| TASK DETAILS |
Starting at the line that contains "V (exp_pow V" in the listing below, write out every line word for word until you have written the line that contains "proof (intro conjI ballI subsetI)".

..............................

lemma monomial_ideal_eq_mspan:
  assumes "monomial_ideal V (J :: 'k::comm_ring_1 mpoly set)"
  obtains F where "exp_ideal V F" "J = mspan F"
proof -
  obtain M where M: "M \<subseteq> exps V" and J: "J = ideal_gen (polys V) (monom ` M)"
    using assms unfolding monomial_ideal_def exps_def by blast
  have "J = mspan (exp_ideal_gen V M)"
    unfolding J using exp_ideal_gen_superset[of M V] by (intro ideal_gen_mspan[OF M]) auto
  then show ?thesis
    using that exp_ideal_gen_exp_ideal[OF M] by blast
qed

lemma exp_ideal_Un_subset_exps:
  assumes "exp_ideal V1 F1" "exp_ideal V2 F2" "V1 \<subseteq> V" "V2 \<subseteq> V"
  shows "F1 \<union> F2 \<subseteq> exps V"
  using assms exps_mono[of V1 V] exps_mono[of V2 V] by (auto simp: exp_ideal_def)

lemma exp_ideal_gen_Un:
  assumes "exp_ideal V1 F1" "exp_ideal V2 F2" "V1 \<subseteq> V" "V2 \<subseteq> V"
  shows "exp_ideal V (exp_ideal_gen V (F1 \<union> F2))"
  using exp_ideal_Un_subset_exps[OF assms] by (rule exp_ideal_gen_exp_ideal)

lemma ideal_gen_mspan_Un:
  assumes "exp_ideal V1 F1" "exp_ideal V2 F2" "V1 \<subseteq> V" "V2 \<subseteq> V"
  shows "ideal_gen (polys V) (mspan F1 \<union> mspan F2 :: 'k::comm_ring_1 mpoly set)
    = mspan (exp_ideal_gen V (F1 \<union> F2))"
proof (rule ideal_gen_mspan)
  show "F1 \<union> F2 \<subseteq> exps V"
    using assms by (rule exp_ideal_Un_subset_exps)
  have "mspan F1 \<union> mspan F2 \<subseteq> (mspan (F1 \<union> F2) :: 'k mpoly set)"
    by (auto simp: mspan_def)
  also have "\<dots> \<subseteq> mspan (exp_ideal_gen V (F1 \<union> F2))"
    by (rule mspan_mono[OF exp_ideal_gen_superset])
  finally show "mspan F1 \<union> mspan F2 \<subseteq> (mspan (exp_ideal_gen V (F1 \<union> F2)) :: 'k mpoly set)" .
  show "monom ` (F1 \<union> F2) \<subseteq> (mspan F1 \<union> mspan F2 :: 'k mpoly set)"
    by auto
qed

section \<open>Powers\<close>

fun exp_pow :: "nat set \<Rightarrow> exponent set \<Rightarrow> nat \<Rightarrow> exponent set" where
  "exp_pow V F 0 = exps V"
| "exp_pow V F (Suc k) = {a + b | a b. a \<in> exp_pow V F k \<and> b \<in> F}"

lemma exp_pow_SucI: "a \<in> exp_pow V F k \<Longrightarrow> b \<in> F \<Longrightarrow> a + b \<in> exp_pow V F (Suc k)"
  by auto

lemma exp_pow_empty: "a \<in> exp_pow V {} k \<Longrightarrow> k = 0"
  by (cases k) auto

lemma exp_ideal_exp_pow:
  assumes F: "exp_ideal V F"
  shows "exp_ideal V (exp_pow V F k)"
proof (induction k)
  case 0
  show ?case
    by (simp add: exp_ideal_exps)
next
  case (Suc k)
  show ?case
    unfolding exp_ideal_def
  proof (intro conjI ballI subsetI)
    fix t assume "t \<in> exp_pow V F (Suc k)"
    then obtain a b where "t = a + b" "a \<in> exp_pow V F k" "b \<in> F"
      by auto
    then show "t \<in> exps V"
      using Suc F unfolding exp_ideal_def by (blast intro: exps_add)
  next
    fix t r assume "t \<in> exp_pow V F (Suc k)" "r \<in> exps V"
    then obtain a b where t: "t = a + b" "a \<in> exp_pow V F k" "b \<in> F"
      by auto
    have "a + r \<in> exp_pow V F k"
      using Suc t(2) \<open>r \<in> exps V\<close> unfolding exp_ideal_def by blast
    then have "(a + r) + b \<in> exp_pow V F (Suc k)"
      using t(3) by (rule exp_pow_SucI)
    then show "t + r \<in> exp_pow V F (Suc k)"
      by (simp add: t(1) ac_simps)
  qed
qed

..............................

| YOUR RESPONSE |
  shows "exp_ideal V (exp_pow V F k)"
proof (induction k)
  case 0
  show ?case
    by (simp add: exp_ideal_exps)
next
  case (Suc k)
  show ?case
    unfolding exp_ideal_def
  proof (intro conjI ballI subsetI)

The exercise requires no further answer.